We are also interested to see if there are any other factors that would affect a patient’s decision on the treatment he/she takes other than his/her age. We thought we could stick with the TNM system and we started with tumor size. Generally, there is no obvious distinction in the treatment taken among different sizes of tumor as we can see from the plot above.

Treatment vs. Nodes_level

This time we are checking if there are difference in Treatment with respect to different positive lymph node levels. Now we are onto something interesting. We can see that none of the N0 patients in our dataset have taken either chemotherapy or hormontherapy. we think that it is possible that chemotherapy and hormontherapy are for severer patients and they might just be “overkill” for mild patients.

Treatment vs. grade

From the above we can see that for grade 2 and grade 3 breast cancer, there’s not too much difference in the treatment a patient takes.

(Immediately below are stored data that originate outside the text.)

lemma braid_eq_desc_asc_word:
  assumes "1 \<le> b" "b \<le> e"
  shows "braid_eq (Suc e) (desc_word (Suc b) (Suc e) @ asc_word b (Suc e))
                          (asc_word b e @ desc_word b (Suc e))"
  using assms(2)
proof (induction e rule: dec_induct)
  case base
  then show ?case using assms by (simp add: asc_word_Suc desc_word_Suc braid_eq.refl)
next
  case (step e)
  let ?c = "Suc e" and ?A = "pos_word [b..<e]" and ?D = "pos_word (rev [b..<e])"
  have valid: "valid_word (Suc ?c) ?A" "valid_word (Suc ?c) ?D"
    using assms by auto
  have "desc_word (Suc b) (Suc ?c) @ asc_word b (Suc ?c)
      = [(?c, True)] @ (desc_word (Suc b) ?c @ asc_word b ?c) @ [(?c, True)]"
    using step.hyps by (simp add: desc_word_Suc asc_word_Suc)
  also have "braid_eq (Suc ?c) \<dots> ([(?c, True)] @ (asc_word b e @ desc_word b ?c) @ [(?c, True)])"
    using braid_eq_mono[OF step.IH, of "Suc ?c"] by (intro braid_eq_append_cong) auto
  also have "\<dots> = ((?c, True) # ?A) @ [(e, True)] @ (?D @ [(?c, True)])"
    using step.hyps by (simp add: desc_word_Suc asc_word_def desc_word_def)
  also have "braid_eq (Suc ?c) \<dots> ((?A @ [(?c, True)]) @ [(e, True)] @ (?D @ [(?c, True)]))"
    using assms step.hyps by (intro braid_eq_append_right braid_eq_gen_commute_far) auto
  also have "braid_eq (Suc ?c) \<dots> ((?A @ [(?c, True)]) @ [(e, True)] @ ([(?c, True)] @ ?D))"
  proof -
    have "braid_eq (Suc ?c) ((?c, True) # ?D) (?D @ [(?c, True)])"
      using assms step.hyps by (intro braid_eq_gen_commute_far) auto
    from braid_eq.sym[OF this]
    have "braid_eq (Suc ?c) (((?A @ [(?c, True)]) @ [(e, True)]) @ (?D @ [(?c, True)]))
                            (((?A @ [(?c, True)]) @ [(e, True)]) @ ((?c, True) # ?D))"
      using assms step.hyps by (intro braid_eq_append_left) auto
    then show ?thesis by simp
  qed
  also have "\<dots> = ?A @ [(?c, True), (e, True), (?c, True)] @ ?D"
    by simp
  also have "braid_eq (Suc ?c) \<dots> (?A @ [(e, True), (?c, True), (e, True)] @ ?D)"
    using assms step.hyps valid by (intro braid_eq.sym[OF braid_eq.braid_rel]) auto
  also have "\<dots> = asc_word b ?c @ desc_word b (Suc ?c)"
    using step.hyps by (simp add: asc_word_Suc desc_word_Suc asc_word_def desc_word_def)
  finally show ?case .
qed

lemma braid_eq_desc_word_asc_word_1:
  assumes "2 \<le> a" "a \<le> n"
  shows "braid_eq n (desc_word a n @ asc_word 1 n) (asc_word 1 (n - 1) @ desc_word (a - 1) n)"
proof -
  have n: "n = Suc (n - 1)" and a: "a = Suc (a - 1)"
    using assms by auto
  have "desc_word a n @ asc_word 1 n = (desc_word a n @ asc_word 1 (a - 1)) @ asc_word (a - 1) n"
    using assms asc_word_split[of 1 "a - 1" n] by simp
  also have "braid_eq n \<dots> ((asc_word 1 (a - 1) @ desc_word a n) @ asc_word (a - 1) n)"
    using assms unfolding asc_word_def desc_word_def
    by (intro braid_eq_append_right braid_eq_pos_words_commute_far) auto
  also have "\<dots> = asc_word 1 (a - 1) @
                   (desc_word (Suc (a - 1)) (Suc (n - 1)) @ asc_word (a - 1) (Suc (n - 1)))"
    using n a by simp
  also have "braid_eq n \<dots> (asc_word 1 (a - 1) @
                   (asc_word (a - 1) (n - 1) @ desc_word (a - 1) (Suc (n - 1))))"
    using assms braid_eq_desc_asc_word[of "a - 1" "n - 1"] n
    by (intro braid_eq_append_left valid_word_asc_word) auto
  also have "\<dots> = asc_word 1 (n - 1) @ desc_word (a - 1) n"
    using assms asc_word_split[of 1 "a - 1" "n - 1"] n by simp
  finally show ?thesis .
qed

2.3.5 General X-year Survival Rate

A very important criterion in analysis about cancer is the 5-year survival rate. In order to examine that, we introduce a new variable called 5_year_survival, which indicates 1 if a patients survival time is larger than 5 years and 0 vice versa.

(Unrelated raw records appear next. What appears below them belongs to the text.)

theorem partial_global_square_stationary_colouring:
  fixes \<delta> :: "'a::wellorder"
  assumes rc: "regular_uncountable_cardinal \<delta>" and "partial_global_square \<delta>"
  shows "\<exists>g::'a \<Rightarrow> 'a. \<forall>\<eta>. cof_eq \<eta> \<delta> \<longrightarrow> (\<forall>\<gamma><\<delta>. stationary_in {\<beta>. \<beta> < \<eta> \<and> g \<beta> = \<gamma>} \<eta>)"
proof -
  obtain S and ot :: "'a \<Rightarrow> 'a" where S: "\<And>\<eta>. cof_eq \<eta> \<delta> \<Longrightarrow> \<eta> \<in> S"
    and ot: "\<And>\<beta>. \<beta> \<in> S \<Longrightarrow> \<delta> < \<beta> \<Longrightarrow> ot \<beta> < \<beta>"
    and collapses: "\<And>\<eta>. \<eta> \<in> S \<Longrightarrow> \<delta> < \<eta> \<Longrightarrow> \<exists>C \<epsilon> f. \<epsilon> < \<eta> \<and> club_in C \<eta> \<and>
       bij_betw f C {..<\<epsilon>} \<and> strict_mono_on C f \<and> (\<forall>\<beta>\<in>acc C. \<delta> < \<beta> \<longrightarrow> \<beta> \<in> S \<and> ot \<beta> = f \<beta>)"
    using partial_global_square_coherent_collapses[OF \<open>partial_global_square \<delta>\<close>] by blast
  obtain P :: "'a \<Rightarrow> 'a" where P: "\<forall>\<gamma><\<delta>. stationary_in {\<xi>. \<xi> < \<delta> \<and> P \<xi> = \<gamma>} \<delta>"
    using solovay_splitting[OF rc] by blast
  define g where "g = wfrec {(x, y). x < y}
    (\<lambda>g \<beta>. if \<beta> < \<delta> then P \<beta> else if \<beta> \<in> S \<and> \<delta> < \<beta> \<and> ot \<beta> < \<beta> then g (ot \<beta>) else \<beta>)"
  have g_eq: "g \<beta> = (if \<beta> < \<delta> then P \<beta> else if \<beta> \<in> S \<and> \<delta> < \<beta> \<and> ot \<beta> < \<beta> then g (ot \<beta>) else \<beta>)"
    for \<beta> unfolding g_def by (subst wfrec[OF wf]) (simp add: cut_apply)
  have "{\<beta>. \<beta> < \<delta> \<and> g \<beta> = \<gamma>} = {\<beta>. \<beta> < \<delta> \<and> P \<beta> = \<gamma>}" for \<gamma>
    using g_eq by auto
  hence base: "\<forall>\<gamma><\<delta>. stationary_in {\<beta>. \<beta> < \<delta> \<and> g \<beta> = \<gamma>} \<delta>" using P by simp
  have g_step: "g \<beta> = g (ot \<beta>)" if "\<beta> \<in> S" "\<delta> < \<beta>" for \<beta>
    using g_eq[of \<beta>] ot[OF that] that leD[OF less_imp_le[OF that(2)]] by simp
  have "\<exists>C \<epsilon> f. \<epsilon> < \<eta> \<and> club_in C \<eta> \<and> bij_betw f C {..<\<epsilon>} \<and> strict_mono_on C f \<and>
      (\<forall>\<beta>\<in>acc C. \<delta> < \<beta> \<longrightarrow> g \<beta> = g (f \<beta>))" if "cof_eq \<eta> \<delta>" "\<delta> < \<eta>" for \<eta>
    using collapses[OF S[OF that(1)] that(2)] g_step by metis
  thus ?thesis using stationary_colouring_by_collapses[OF rc base] by blast
qed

Now we want to calculate the 5-year survival rate for the population in the dataset.

## # A tibble: 2 x 2
##   `5_year_survival` number
##               <dbl>  <int>
## 1                 0    898
## 2                 1   2084
## [1] 0.6988598

And also the important 10-year survival rate.

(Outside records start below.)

lemma rank_normal_form:
  fixes A :: "'k::field mat"
  assumes "A \<in> carrier_mat m m"
  shows "\<exists>n d. n + d = m \<and> mat_equiv m A (proj_mat n d)"
  using assms
proof (induction m arbitrary: A)
  case 0
  then have "1\<^sub>m 0 * A * 1\<^sub>m 0 = proj_mat 0 0"
    by (intro eq_matI) (auto simp: proj_mat_def block_diag_def)
  then show ?case using mat_equivI[OF mat_inverses_one mat_inverses_one 0] by blast
next
  case (Suc m)
  show ?case
  proof (cases "A = 0\<^sub>m (Suc m) (Suc m)")
    case True
    then have "1\<^sub>m (Suc m) * A * 1\<^sub>m (Suc m) = proj_mat 0 (Suc m)"
      by (simp add: proj_mat_zero)
    then show ?thesis using mat_equivI[OF mat_inverses_one mat_inverses_one Suc.prems] by force
  next
    case False
    obtain B where B: "B \<in> carrier_mat m m" and AB: "mat_equiv (Suc m) A (block_diag (1\<^sub>m 1) B)"
      using nonzero_mat_equiv_block_diag_one[OF Suc.prems False] by blast
    obtain n d where nd: "n + d = m" and B_nf: "mat_equiv m B (proj_mat n d)"
      using Suc.IH[OF B] by blast
    from B_nf have "mat_equiv (1 + m) (block_diag (1\<^sub>m 1) B) (block_diag (1\<^sub>m 1) (proj_mat n d))"
      by (rule mat_equiv_block_diag_one)
    then have "mat_equiv (Suc m) (block_diag (1\<^sub>m 1) B) (proj_mat (Suc n) d)"
      unfolding proj_mat_Suc by simp
    then show ?thesis
      using mat_equiv_trans[OF AB] nd by (metis add_Suc)
  qed
qed

lemma upper_block_similar_block_diag:
  fixes G1 :: "'a::comm_ring_1 mat"
  assumes G1: "mat_inverses n G1 H" and G2: "G2 \<in> carrier_mat n d"
  shows "\<exists>T T'. mat_inverses (n + d) T T' \<and>
           four_block_mat G1 G2 (0\<^sub>m d n) (0\<^sub>m d d) * T = T * block_diag G1 (0\<^sub>m d d)"
proof -
  have c: "G1 \<in> carrier_mat n n" "H \<in> carrier_mat n n" and e: "G1 * H = 1\<^sub>m n"
    using G1 unfolding mat_inverses_def by auto
  define T where "T = four_block_mat (1\<^sub>m n) (- (H * G2)) (0\<^sub>m d n) (1\<^sub>m d)"
  have "G1 * (H * G2) = G2"
    using c G2 e by (metis assoc_mult_mat left_mult_one_mat)
  then have "G1 * - (H * G2) + G2 = 0\<^sub>m n d"
    using c G2 by simp
  then have "four_block_mat G1 G2 (0\<^sub>m d n) (0\<^sub>m d d) * T = T * block_diag G1 (0\<^sub>m d d)"
    unfolding T_def block_diag_def using c G2
    by (simp add: mult_four_block_mat[of _ n n _ d _ d _ _ n _ d])
  moreover have "mat_inverses (n + d) T (four_block_mat (1\<^sub>m n) (H * G2) (0\<^sub>m d n) (1\<^sub>m d))"
    unfolding T_def using mat_inverses_upper_unitriangular[of "- (H * G2)" n d] c G2 by simp
  ultimately show ?thesis by blast
qed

Now we calculate the 10-year survival rate for the population in the dataset.

## # A tibble: 2 x 2
##   `10_year_survival` number
##                <dbl>  <int>
## 1                  0   2297
## 2                  1    685
## [1] 0.2297116

We can find that the 5-year survival rate for breast cancer is just fine, and around 70% of patients are able to live more than 5 years. However, the 10-year survival rate is still disappointing given the current medical level, and only around 20% patients could live more than 10 years after diagnosis.

## # A tibble: 2 x 2
##   grade number
##   <fct>  <int>
## 1 2        794
## 2 3       2188

However, we have to notice that in our dataset, most patients are diagnosed with grade III breast cancer, which is pretty severe. This would give a more pessimistic calculation of 5-year/ 10-year survival rates of breast cancer patients as a whole. In fact, according to, the overall 5-year relative survival rate for breast cancer is 90% and the 10-year breast cancer relative survival rate is 84%.

Thus the important point is that female with high risk of breast caner(family inheritance, bad life habits, etc.) should have regular physical examination, with proper screening for breast cancer. Even if diagnosed, do not panic and take treatment as soon as possible. In this way, a breast cancer patients might be able to enjoy longer survival.

Another important yet sad point is that after cancer has recurred, it does not matter what treatment a patient takes and most people do not live up to 2 years if recurred. Thus patients should be extremely careful not getting cancer recurred.